British high-street clothing chain Next narrowed its sales guidance for the year Wednesday and warned that a weakening pound could push up the price of goods going forward.
The retailer revealed full-price sales inched up 0.3% in the second quarter ended July 30, helped by a 5.7% increase in Next Directory (catalog and e-commerce) sales. In addition, clearance rates were better than expected, which caused total sales—including markdowns—to rise 1.8% year-to-date.
“We went into the end-of-season sales with significantly more stock than last year, the sale has gone well and clearance rates have been slightly ahead of our expectations,” Next said.
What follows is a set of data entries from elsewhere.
lemma K_R_eq_uAB_sum:
  fixes F :: "real \<Rightarrow> 'a::euclidean_space \<Rightarrow> real"
  assumes Fm: "(\<lambda>(t, x). F t x) \<in> borel_measurable borel" and um: "u \<in> borel_measurable lebesgue"
  shows "K_R F R u = uAB F u (ball 0 R) (ball 0 R) + uAB F u (ball 0 R) (- ball 0 R)
                     + uAB F u (- ball 0 R) (ball 0 R)"
proof -
  define B where "B = ball (0::'a) R"
  define H where "H z = ennreal (F (u (fst z) - u (snd z)) (fst z - snd z))" for z
  define k where "k S T z = indicator S (fst z) * indicator T (snd z) * H z" for S T z
  have [measurable]: "B \<in> sets lebesgue" "- B \<in> sets lebesgue"
    unfolding B_def by auto
  have [measurable]: "H \<in> borel_measurable (lebesgue \<Otimes>\<^sub>M lebesgue)"
    unfolding H_def using borel_measurable_kernel_pair[OF Fm um] by measurable
  have k_meas: "k S T \<in> borel_measurable (lebesgue \<Otimes>\<^sub>M lebesgue)"
    if [measurable]: "S \<in> sets lebesgue" "T \<in> sets lebesgue" for S T
    unfolding k_def by measurable
  have split: "indicator (UNIV - (- B) \<times> (- B)) z * H z = k B B z + k B (- B) z + k (- B) B z" for z
    unfolding k_def by (cases z) (auto simp: indicator_def)
  have "(\<lambda>z. indicator (UNIV - (- B) \<times> (- B)) z * H z) \<in> borel_measurable (lebesgue \<Otimes>\<^sub>M lebesgue)"
    by measurable
  from lebesgue.nn_integral_fst[OF this]
  have "K_R F R u = (\<integral>\<^sup>+ z. indicator (UNIV - (- B) \<times> (- B)) z * H z \<partial>(lebesgue \<Otimes>\<^sub>M lebesgue))"
    by (simp add: K_R_def H_def B_def)
  also have "\<dots> = (\<integral>\<^sup>+ z. k B B z + k B (- B) z + k (- B) B z \<partial>(lebesgue \<Otimes>\<^sub>M lebesgue))"
    by (simp only: split)
  also have "\<dots> = integral\<^sup>N (lebesgue \<Otimes>\<^sub>M lebesgue) (k B B) + integral\<^sup>N (lebesgue \<Otimes>\<^sub>M lebesgue) (k B (- B))
      + integral\<^sup>N (lebesgue \<Otimes>\<^sub>M lebesgue) (k (- B) B)"
    using k_meas by (simp add: nn_integral_add)
  also have "\<dots> = uAB F u B B + uAB F u B (- B) + uAB F u (- B) B"
    unfolding k_def H_def by (simp add: uAB_eq_pair[OF Fm um])
  finally show ?thesis unfolding B_def .
qed

lemma K_R_eq_uAB:
  fixes F :: "real \<Rightarrow> 'a::euclidean_space \<Rightarrow> real"
  assumes Fm: "(\<lambda>(t, x). F t x) \<in> borel_measurable borel" and um: "u \<in> borel_measurable lebesgue"
    and sym: "\<forall>t x. x \<noteq> 0 \<longrightarrow> F t x = F (-t) (-x)"
  shows "K_R F R u = uAB F u (ball 0 R) (ball 0 R) + 2 * uAB F u (ball 0 R) (- ball 0 R)"
  using K_R_eq_uAB_sum[OF Fm um, of R] uAB_commute[OF Fm um sym, of "ball 0 R" "- ball 0 R"]
  by (simp add: mult_2 add.assoc)

lemma uAB_le_gagliardo_pow:
  fixes F :: "real \<Rightarrow> 'a::euclidean_space \<Rightarrow> real"
  assumes um: "u \<in> borel_measurable lebesgue" and \<Omega>: "\<Omega> \<in> sets lebesgue" and cS: "0 \<le> cS"
    and upper: "\<forall>t x. x \<noteq> 0 \<longrightarrow> F t x \<le> cS * \<bar>t\<bar> powr p / norm x powr (real DIM('a) + s * p)"
  shows "uAB F u \<Omega> \<Omega> \<le> ennreal cS * gagliardo_pow s p u \<Omega>"
proof -
  define G where "G x y = ennreal (\<bar>u x - u y\<bar> powr p / norm (x - y) powr (real DIM('a) + s * p))" for x y
  have pointwise: "AE y in lebesgue. ennreal (F (u x - u y) (x - y)) * indicator \<Omega> y
      \<le> ennreal cS * G x y * indicator \<Omega> y" for x
    using AE_completion[OF AE_lborel_singleton[of x]]
  proof eventually_elim
    case (elim y)
    then have "F (u x - u y) (x - y) \<le> cS * (\<bar>u x - u y\<bar> powr p / norm (x - y) powr (real DIM('a) + s * p))"
      using upper[rule_format, of "x - y" "u x - u y"] by simp
    with cS show ?case
      unfolding G_def by (intro mult_right_mono) (simp_all add: ennreal_mult[symmetric] ennreal_leI)
  qed
  have "uAB F u \<Omega> \<Omega> \<le> (\<integral>\<^sup>+ x \<in> \<Omega>. (\<integral>\<^sup>+ y \<in> \<Omega>. ennreal cS * G x y \<partial>lebesgue) \<partial>lebesgue)"
    unfolding uAB_def
    by (intro nn_integral_mono mult_right_mono nn_integral_mono_AE pointwise) simp
  also have "\<dots> = ennreal cS * gagliardo_pow s p u \<Omega>"
    unfolding gagliardo_pow_def G_def using um \<Omega> by (intro nn_integral_iterated_cmult) auto
  finally show ?thesis .
qed

lemma ex_dyadic_shell:
  fixes r t :: real
  assumes r: "0 < r" and t: "r \<le> t"
  shows "\<exists>k::nat. 2 ^ k * r \<le> t \<and> t < 2 ^ Suc k * r"
proof -
  obtain m :: nat where "t / r < 2 ^ m"
    using real_arch_pow[of 2 "t / r"] by auto
  with r have "t < 2 ^ m * r"
    by (simp add: divide_less_eq)
  also have "\<dots> \<le> 2 ^ Suc m * r"
    using r by simp
  finally have ex: "\<exists>k::nat. t < 2 ^ Suc k * r" ..
  define k where "k = (LEAST k::nat. t < 2 ^ Suc k * r)"
  have upper: "t < 2 ^ Suc k * r"
    unfolding k_def by (rule LeastI_ex[OF ex])
  have lower: "2 ^ k * r \<le> t"
  proof (cases k)
    case (Suc j)
    then have "\<not> t < 2 ^ Suc j * r"
      using not_less_Least[of j "\<lambda>k. t < 2 ^ Suc k * r"] k_def by simp
    with Suc show ?thesis by simp
  qed (use t in simp)
  from lower upper show ?thesis by blast
qed

lemma norm_powr_outside_ball_le_dyadic_sum:
  fixes y :: "'a::real_normed_vector" and r \<alpha> :: real
  assumes r: "0 < r" and \<alpha>: "0 \<le> \<alpha>"
  shows "ennreal (norm y powr - \<alpha>) * indicator (- ball 0 r) y
      \<le> (\<Sum>k. ennreal ((2 ^ k * r) powr - \<alpha>) * indicator (ball 0 (2 ^ Suc k * r)) y)"
proof (cases "y \<in> ball 0 r")
  case False
  then obtain k :: nat where k: "2 ^ k * r \<le> norm y" "norm y < 2 ^ Suc k * r"
    using ex_dyadic_shell[OF r, of "norm y"] by auto
  have "norm y powr - \<alpha> \<le> (2 ^ k * r) powr - \<alpha>"
    using r \<alpha> k(1) by (intro powr_mono2') auto
  with False k(2) have "ennreal (norm y powr - \<alpha>) * indicator (- ball 0 r) y
      \<le> ennreal ((2 ^ k * r) powr - \<alpha>) * indicator (ball 0 (2 ^ Suc k * r)) y"
    by (simp add: ennreal_leI)
  also have "\<dots> \<le> (\<Sum>k. ennreal ((2 ^ k * r) powr - \<alpha>) * indicator (ball 0 (2 ^ Suc k * r)) y)"
    using sum_le_suminf[OF summableI, of "{k}"] by simp
  finally show ?thesis .
qed simp

lemma powr_mult_emeasure_dyadic_ball:
  fixes r \<beta> :: real
  assumes r: "0 < r"
  shows "ennreal ((2 ^ k * r) powr - (real DIM('a) + \<beta>)) * emeasure lebesgue (ball (0::'a::euclidean_space) (2 ^ Suc k * r))
      = ennreal (2 ^ DIM('a) * r powr - \<beta> * (2 powr - \<beta>) ^ k) * emeasure lebesgue (ball (0::'a) 1)"
proof -
  define n where "n = DIM('a)"
  define \<rho> where "\<rho> = 2 ^ k * r"
  have \<rho>: "0 < \<rho>"
    unfolding \<rho>_def using r by simp
  have "\<rho> powr - (real n + \<beta>) * (2 * \<rho>) ^ n = 2 ^ n * (\<rho> powr - (real n + \<beta>) * \<rho> powr real n)"
    using \<rho> by (simp add: power_mult_distrib powr_realpow)
  also have "\<rho> powr - (real n + \<beta>) * \<rho> powr real n = \<rho> powr - \<beta>"
    by (simp add: powr_add[symmetric])
  also have "\<rho> powr - \<beta> = r powr - \<beta> * (2 powr - \<beta>) ^ k"
    unfolding \<rho>_def using r
    by (simp add: powr_mult powr_power powr_realpow[symmetric] powr_powr mult.commute)
  finally have powr_eq: "\<rho> powr - (real n + \<beta>) * (2 * \<rho>) ^ n = 2 ^ n * r powr - \<beta> * (2 powr - \<beta>) ^ k"
    by simp
  have "ennreal (\<rho> powr - (real n + \<beta>)) * emeasure lebesgue (ball (0::'a) (2 * \<rho>))
      = ennreal (\<rho> powr - (real n + \<beta>)) * ennreal ((2 * \<rho>) ^ n) * emeasure lebesgue (ball (0::'a) 1)"
    unfolding n_def using \<rho> by (subst emeasure_lebesgue_ball_conv_unit_ball) (auto simp: mult.assoc)
  also have "ennreal (\<rho> powr - (real n + \<beta>)) * ennreal ((2 * \<rho>) ^ n)
      = ennreal (2 ^ n * r powr - \<beta> * (2 powr - \<beta>) ^ k)"
    unfolding powr_eq[symmetric] by (rule ennreal_mult'[symmetric]) simp
  finally show ?thesis
    by (simp add: \<rho>_def n_def mult.assoc)
qed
With that being said, the retailer said trading remains “extremely volatile” and weather dependent, not to mention a weak consumer demand for clothing. To that end, the third quarter is expected to prove particularly challenging and Next is preparing for full-price sales growth to be worse than in the last quarter. However, business should pick up again in the fourth quarter, especially if the U.K. has a cold winter.
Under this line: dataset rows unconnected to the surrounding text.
lemma FR_seq_face_imp_null:
  assumes "FR_seq_face G (P ` K) k"
  shows "FR_seq_null L C K k"
proof -
  obtain Gs ds where G0: "Gs 0 = P ` K"
    and step: "\<And>i. i < k \<Longrightarrow> Gs (Suc i) = Gs i \<inter> annih {ds i} \<and>
               ds i \<in> dual_cone (Gs i) - annih (Gs i) \<and> ds i \<in> annih G"
    and Gk: "Gs k = G"
    using assms unfolding FR_seq_face_def by blast
  show ?thesis
    unfolding FR_seq_null_def
  proof (intro exI[of _ "\<lambda>i. K \<inter> P -` Gs i"] exI[of _ "\<lambda>i. P (ds i)"] conjI allI impI)
    fix i assume i: "i < k"
    show "K \<inter> P -` Gs (Suc i) = K \<inter> P -` Gs i \<inter> annih {P (ds i)}"
      using step[OF i] by (auto simp: annih_def inner_P_commute_left)
    have "Gs i \<subseteq> Gs 0"
      by (rule lift_Suc_antimono_le_ivl[where N = "{..<k}"]) (use i step in auto)
    then have "Gs i = P ` (K \<inter> P -` Gs i)" using G0 by auto
    then have "ds i \<in> dual_cone (P ` (K \<inter> P -` Gs i)) - annih (P ` (K \<inter> P -` Gs i))"
      using step[OF i] by simp
    then show "P (ds i) \<in> dual_cone (K \<inter> P -` Gs i) - annih (K \<inter> P -` Gs i)"
      by (simp add: dual_cone_def annih_def inner_P_commute)
    show "P (ds i) \<in> L\<^sup>\<bottom>" by (rule P_mem)
    have "ds i \<bullet> P C = 0" using step[OF i] face_pt_mem unfolding annih_def by blast
    then show "P (ds i) \<bullet> C = 0" by (simp add: inner_P_commute)
  next
    show "K \<inter> P -` Gs 0 = K" using G0 by auto
    show "K \<inter> P -` Gs k = min_face {Z \<in> K. Z \<in> (\<lambda>l. C + l) ` L} K"
      using Gk min_face_feasible by simp
  qed
qed

lemma sing_deg_null_eq_face: "sing_deg_null L C K = sing_deg_face G (P ` K)"
  unfolding sing_deg_null_def sing_deg_face_def
  using FR_seq_null_imp_face FR_seq_face_imp_null by metis

end

lemma orthogonal_comp_kernel:
  fixes M :: "'a::euclidean_space \<Rightarrow> 'c::euclidean_space"
  assumes "linear M"
  shows "{x. M x = 0}\<^sup>\<bottom> = range (adjoint M)"
proof -
  have "subspace (range (adjoint M))"
    by (rule linear_subspace_image[OF adjoint_linear[OF assms] subspace_UNIV])
  then show ?thesis
    using ker_orthogonal_comp_adjoint[OF assms] orthogonal_comp_self by (simp add: vimage_def)
qed

lemma FR_seq_std_iff_null:
  fixes M :: "'a::euclidean_space \<Rightarrow> 'c::euclidean_space"
  assumes M: "linear M" and L: "L = {x. M x = 0}"
  shows "FR_seq_std M (M C) K k \<longleftrightarrow> FR_seq_null L C K k"
proof -
  have feasible_eq: "{X \<in> K. M X = M C} = {Z \<in> K. Z \<in> (\<lambda>l. C + l) ` L}"
    using L linear_diff[OF M] linear_add[OF M] by (force intro: image_eqI[of _ _ "X - C" for X])
  have adjoint_C: "adjoint M v \<bullet> C = v \<bullet> M C" for v
    by (simp add: adjoint_works[OF M] inner_commute)
  have range_adjoint: "L\<^sup>\<bottom> = range (adjoint M)"
    using orthogonal_comp_kernel[OF M] L by simp
  show ?thesis
  proof
    assume "FR_seq_std M (M C) K k"
    then obtain Fs vs where "Fs 0 = K"
      and "\<forall>i<k. Fs (Suc i) = Fs i \<inter> annih {adjoint M (vs i)} \<and>
               adjoint M (vs i) \<in> dual_cone (Fs i) - annih (Fs i) \<and> vs i \<bullet> M C = 0"
      and "Fs k = min_face {X \<in> K. M X = M C} K"
      unfolding FR_seq_std_def by blast
    then show "FR_seq_null L C K k"
      unfolding FR_seq_null_def using feasible_eq range_adjoint adjoint_C
      by (intro exI[of _ Fs] exI[of _ "\<lambda>i. adjoint M (vs i)"]) auto
  next
    assume "FR_seq_null L C K k"
    then obtain Fs Ws where "Fs 0 = K"
      and step: "\<forall>i<k. Fs (Suc i) = Fs i \<inter> annih {Ws i} \<and>
               Ws i \<in> dual_cone (Fs i) - annih (Fs i) \<and> Ws i \<in> L\<^sup>\<bottom> \<and> Ws i \<bullet> C = 0"
      and "Fs k = min_face {Z \<in> K. Z \<in> (\<lambda>l. C + l) ` L} K"
      unfolding FR_seq_null_def by blast
    moreover have "\<forall>i<k. \<exists>v. adjoint M v = Ws i"
      using step range_adjoint by (metis rangeE)
    then obtain vs where "\<forall>i<k. adjoint M (vs i) = Ws i" by metis
    ultimately show "FR_seq_std M (M C) K k"
      unfolding FR_seq_std_def using feasible_eq adjoint_C
      by (intro exI[of _ Fs] exI[of _ vs]) (metis (no_types, lifting))
  qed
qed

lemma bij_betw_orthogonal_comp_kernel:
  fixes M :: "'a::euclidean_space \<Rightarrow> 'c::euclidean_space"
  assumes M: "linear M" "surj M"
  shows "bij_betw M ({x. M x = 0}\<^sup>\<bottom>) UNIV"
proof -
  let ?N = "{x. M x = 0}"
  have N: "subspace ?N"
    using M(1) by (simp add: subspace_def linear_0 linear_add linear_scale)
  have "inj_on M (?N\<^sup>\<bottom>)"
  proof (rule inj_onI)
    fix x y assume "x \<in> ?N\<^sup>\<bottom>" "y \<in> ?N\<^sup>\<bottom>" "M x = M y"
    then have "x - y \<in> ?N \<inter> ?N\<^sup>\<bottom>"
      using linear_diff[OF M(1)] subspace_diff[OF subspace_orthogonal_comp] by auto
    then show "x = y" using orthogonal_Int_0[OF N] by simp
  qed
  moreover have "M x \<in> M ` (?N\<^sup>\<bottom>)" for x
  proof -
    have "x - orth_proj (?N\<^sup>\<bottom>) x \<in> ?N"
      using orth_proj_decomp(2)[OF subspace_orthogonal_comp[of ?N], of x] orthogonal_comp_self[OF N]
      by simp
    then have "M x = M (orth_proj (?N\<^sup>\<bottom>) x)" using linear_diff[OF M(1)] by fastforce
    then show ?thesis by (rule image_eqI) (rule orth_proj_decomp(1)[OF subspace_orthogonal_comp])
  qed
  ultimately show ?thesis using M(2) unfolding bij_betw_def by (metis surj_def UNIV_eq_I)
qed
For that reason, Next now estimates full-price sales for the year to be between -2.5% and 2.5%, while earnings per share are expected to be in the range of -2.5% and 6.3%.
“Our wider than normal range reflects the continued uncertainty and volatility of consumer demand,” the retailer said.
While Next noted that it was too early to tell how Britain’s decision to leave the EU would impact consumer demand, the retailer said tariffs and other barriers to trade in continental Europe are unlikely to be any different because it already has a warehouse and fulfillment operation based there. This could be expanded in the event that fulfilling sales from the U.K. becomes less efficient.
The devaluation of the British pound is another story. Based on current exchange rates, Next said it expects costing rates to be around 9 percent worse next year than in 2016/17, while cost prices will rise by as much as 5 percent on like-for-like products.
However, a number of factors could mitigate this, including: the weakening of some Asian currencies against the U.S. dollar; increased efficiency and improving capabilities in new and emerging markets, such as Bangladesh, Cambodia and Myanmar; fewer capacity constraints and greater competition between Next’s traditional sources of supply, particularly China, and newer manufacturing regions.
The retailer will provide a further update in September when it will have greater visibility of spring and summer contracts.